Another important part of the process if the home appraisal where a professional appraiser comes to your house and assesses its current value.
You’ll need to have at least 20% of the home’s value paid off, whether through mortgage payments or equity earned. So if your outstanding loan is $150,000 and the appraised value of the home is $200,000, you have 25% equity in your home and the appraisal should be good to go.
Federal Refinancing Programs
If you can’t get approved to refinance through a traditional lender, check to see if you qualify for one of these government-sponsored programs.
These options for refinancing a mortgage are specifically aimed to help people with bad credit. Each mortgage refinance option has different requirements, so read carefully before proceeding. If you qualify, you might be able to take advantage of significant savings.
This program is specially designed to benefit homeowners whose mortgage is greater than the value of the home, so there are no restrictions on the loan-to-value. However, you do have to meet some basic qualifications to take advantage of this program.
First, your loan has to be owned by Fannie Mae or Freddie Mac and must have been delivered to one of those entities by June 1, 2009. FHA loans don’t qualify and you can’t have already refinanced using Making Home Affordable Refinance Program (Harp 2’s predecessor).
FHA Rate and Term Refinance
If you already have an FHA loan, you may be able to qualify for an FHA Rate and Term Refinance. This option allows you to change the terms of your current FHA loan and replace them with more favorable terms. The minimum credit score to qualify is 580.
FHA Streamline Refinance Loans
If your current mortgage is not an FHA loan, you may be able to refinance your mortgage with an FHA Streamline Refinance. The minimum credit score is also 580. An FHA streamline refinance can help lower your interest rate, and you sometimes can get approved without having an appraisal, credit check, or income verification performed, so it’s a speedy process.
FHA Cash-Out Refinance Loans
You can also do an FHA cash-out refinance have a minimum credit score of at least 620. The cash-out refinance allows homeowners with equity in their house to receive a lump sum of cash by increasing the principal mortgage amount (and, consequently, monthly payments).
VA Interest Rate Reduction Refinance Loan (VA IRRRL)
If you have an existing VA loan backed by the U.S. Department of Veterans Affairs and want to reduce your monthly mortgage payments, an interest rate reduction refinance loan (IRRRL), aka the VA Streamline Refinance, may be a good option for you. You can also move from a loan with an adjustable or variable interest rate.
Basically, a VA Interest Rate Reduction Loan lets you replace your current loan with a new one under different terms.
Improve Your Credit Score Before Refinancing
Whether your application to refinance was denied or you want to qualify for even lower interest rates, sometimes it’s worth taking the time to raise your credit score. Start by paying all of your monthly bills on time and in full.

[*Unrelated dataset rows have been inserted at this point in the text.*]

lemma uniform_perfect_secrecy:
  assumes "finite S" and pairs: "\<forall>s\<in>S. \<forall>m\<in>M. card {e\<in>E. enc e s = m} = c"
  shows "perfect_secrecy S M E enc (\<lambda>s. 1 / real (card S)) (\<lambda>e. 1 / real (card E))"
  unfolding perfect_secrecy_def
proof (intro ballI)
  fix s m assume s: "s \<in> S" and m: "m \<in> M"
  let ?pS = "\<lambda>s. 1 / real (card S)" and ?pE = "\<lambda>e. 1 / real (card E)"
  have joint: "p_SM S E enc ?pS ?pE s' m = real c / real (card E) / real (card S)" if "s' \<in> S" for s'
    using pairs that m unfolding p_SM_def by simp
  have "p_M S E enc ?pS ?pE m = real (card S) * (real c / real (card E) / real (card S))"
    unfolding p_M_def using joint by simp
  also have "\<dots> = real c / real (card E)" using s assms(1) card_gt_0_iff[of S] by auto
  finally show "p_SM S E enc ?pS ?pE s m = ?pS s * p_M S E enc ?pS ?pE m"
    using joint[OF s] by simp
qed

lemma uniform_offline_success:
  assumes "finite E"
  shows "offline_success S E enc (\<lambda>e. 1 / real (card E)) i q =
         real (card {e\<in>E. offline_out q (valid_msgs S enc e) i \<in> valid_msgs S enc e}) / real (card E)"
  unfolding offline_success_def using assms by (simp add: sum.If_cases Int_def)

lemma V_secure_if_constant_success:
  assumes "offline_strategy S M E enc i q0"
    and "\<And>q. offline_strategy S M E enc i q \<Longrightarrow> offline_success S E enc pE i q = real (card S) / real (card M)"
  shows "V_secure S M E enc pE i"
proof -
  have "offline_success S E enc pE i ` {q. offline_strategy S M E enc i q} = {real (card S) / real (card M)}"
  proof
    show "{real (card S) / real (card M)} \<subseteq> offline_success S E enc pE i ` {q. offline_strategy S M E enc i q}"
      using assms by (auto intro: image_eqI[where x=q0])
  qed (use assms in auto)
  then show ?thesis unfolding V_secure_def P_offline_def by simp
qed

lemma optimal_iff_lambda_one:
  fixes b lam N D :: nat
  assumes "b * D = lam * N" "0 < D" "0 < N"
  shows "real b = real N / real D \<longleftrightarrow> lam = 1"
proof -
  have "real b * real D = real lam * real N" using assms(1) by (metis of_nat_mult)
  then show ?thesis using assms(2,3) by (auto simp: field_simps)
qed

lemma (in indexed_design) balanced_ordering_auth_system:
  assumes b_pos: "0 < b"
    and order: "\<forall>j<b. bij_betw (\<sigma> j) {0..<k} (F j)"
    and balanced: "\<forall>x<v. \<forall>s<k. card {j\<in>{0..<b}. \<sigma> j s = x} = c"
  shows "auth_system {0..<k} {0..<v} {0..<b} \<sigma> \<and>
         perfect_secrecy {0..<k} {0..<v} {0..<b} \<sigma>
           (\<lambda>s. 1 / real (card {0..<k})) (\<lambda>e. 1 / real (card {0..<b})) \<and>
         V_secure {0..<k} {0..<v} {0..<b} \<sigma> (\<lambda>e. 1 / real (card {0..<b})) (t - 1)"
proof (intro conjI)
  have valid: "valid_msgs {0..<k} \<sigma> j = F j" if "j < b" for j
    using order that by (simp add: valid_msgs_def bij_betw_def)
  show "auth_system {0..<k} {0..<v} {0..<b} \<sigma>"
    using order block_points valid unfolding auth_system_def valid_msgs_def by (auto simp: bij_betw_def)
  show "perfect_secrecy {0..<k} {0..<v} {0..<b} \<sigma>
      (\<lambda>s. 1 / real (card {0..<k})) (\<lambda>e. 1 / real (card {0..<b}))"
    using balanced by (intro uniform_perfect_secrecy) auto
  have success: "offline_success {0..<k} {0..<b} \<sigma> (\<lambda>e. 1 / real (card {0..<b})) (t - 1) q =
      real (card {0..<k}) / real (card {0..<v})"
    if q: "offline_strategy {0..<k} {0..<v} {0..<b} \<sigma> (t - 1) q" for q
  proof -
    define hits where "hits = card (success_keys q (t - 1) {0..<b})"
    have count: "real v * real hits = real k * real b"
      using q valid unfolding hits_def offline_strategy_def
      by (metis (no_types, lifting) atLeastLessThan_iff le0 of_nat_mult offline_success_count)
    have "{e\<in>{0..<b}. offline_out q (valid_msgs {0..<k} \<sigma> e) (t - 1) \<in> valid_msgs {0..<k} \<sigma> e}
        = {j\<in>{0..<b}. offline_out q (F j) (t - 1) \<in> F j}"
      using valid by auto
    then have "offline_success {0..<k} {0..<b} \<sigma> (\<lambda>e. 1 / real (card {0..<b})) (t - 1) q =
        real hits / real b"
      unfolding hits_def success_keys_def by (subst uniform_offline_success) simp_all
    also have "real hits / real b = real k / real v"
      using count b_pos t_pos t_le_k k_le_v by (simp add: frac_eq_eq mult.commute)
    finally show ?thesis by simp
  qed
  have "t - 1 < v" using t_pos t_le_k k_le_v by simp
  then show "V_secure {0..<k} {0..<v} {0..<b} \<sigma> (\<lambda>e. 1 / real (card {0..<b})) (t - 1)"
    by (rule V_secure_if_constant_success[OF counting_strategy_admissible success])
qed

theorem mainTheorem5:
  fixes t v k lam :: nat and X :: "'a set" and B :: "'a set set"
  assumes "1 \<le> t" "t \<le> k" "k \<le> v" "1 \<le> lam"
    and "is_design t v k lam X B"
    and "v dvd card B"
  shows "\<exists>(S::nat set) (M::nat set) (E::nat set) (enc :: nat \<Rightarrow> nat \<Rightarrow> nat).
           auth_system S M E enc \<and> card S = k \<and> card M = v \<and> card E = card B \<and>
           perfect_secrecy S M E enc (\<lambda>s. 1 / real (card S)) (\<lambda>e. 1 / real (card E)) \<and>
           V_secure S M E enc (\<lambda>e. 1 / real (card E)) (t - 1) \<and>
           (real (card E) = real (v choose t) / real (k choose t) \<longleftrightarrow> lam = 1)"
proof -
  obtain F where "indexed_design t v k lam (card B) F"
    using indexed_design_exists[OF assms(1-3,5)] by blast
  then interpret D: indexed_design t v k lam "card B" F .
  obtain c where size: "card B = v * c" using assms(6) by blast
  have binom_pos: "0 < k choose t" "0 < v choose t" using assms(2,3) by simp_all
  then have b_pos: "0 < card B" using D.block_count assms(4) by (metis mult_eq_0_iff not_gr0 not_one_le_zero)
  have degree: "\<forall>x\<in>{0..<v}. card {j\<in>{0..<card B}. x \<in> F j} = k * c"
    using D.replication_number size by (auto simp: mult.commute mult.left_commute)
  obtain \<sigma> where \<sigma>: "\<forall>j\<in>{0..<card B}. bij_betw (\<sigma> j) {0..<k} (F j)"
      "\<forall>x\<in>{0..<v}. \<forall>s<k. card {j\<in>{0..<card B}. \<sigma> j s = x} = c"
    using balanced_ordering[of "{0..<card B}" "{0..<v}" F k c] D.block_points D.block_size degree size
    by auto
  have "real (card {0..<card B}) = real (v choose t) / real (k choose t) \<longleftrightarrow> lam = 1"
    using optimal_iff_lambda_one[OF D.block_count binom_pos] by simp
  then show ?thesis
    using D.balanced_ordering_auth_system[OF b_pos, of \<sigma> c] \<sigma>
    by (intro exI[of _ "{0..<k}"] exI[of _ "{0..<v}"] exI[of _ "{0..<card B}"] exI[of _ \<sigma>]) auto
qed

end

If you do that for long enough, you’ll start to see your credit score go up steadily.
You can also increase your credit card limit — as long as you don’t spend extra, you can quickly bump up your credit score.
Hire a Credit Repair Company
For people with a lot of negative items on their credit reports, a credit repair agency may be helpful in disputing those items and getting them removed altogether. Check out our reviews of the leading credit repair companies.
Credit scores are often categorized into five different ranges, from bad to excellent. If you can increase your credit score enough to boost yourself into the next category, you could automatically qualify for better refinance rates.
Don’t give up on your goal of refinancing your mortgage. There’s always room for improvement which means there’s always a way to get a better rate — even if it takes a bit of time.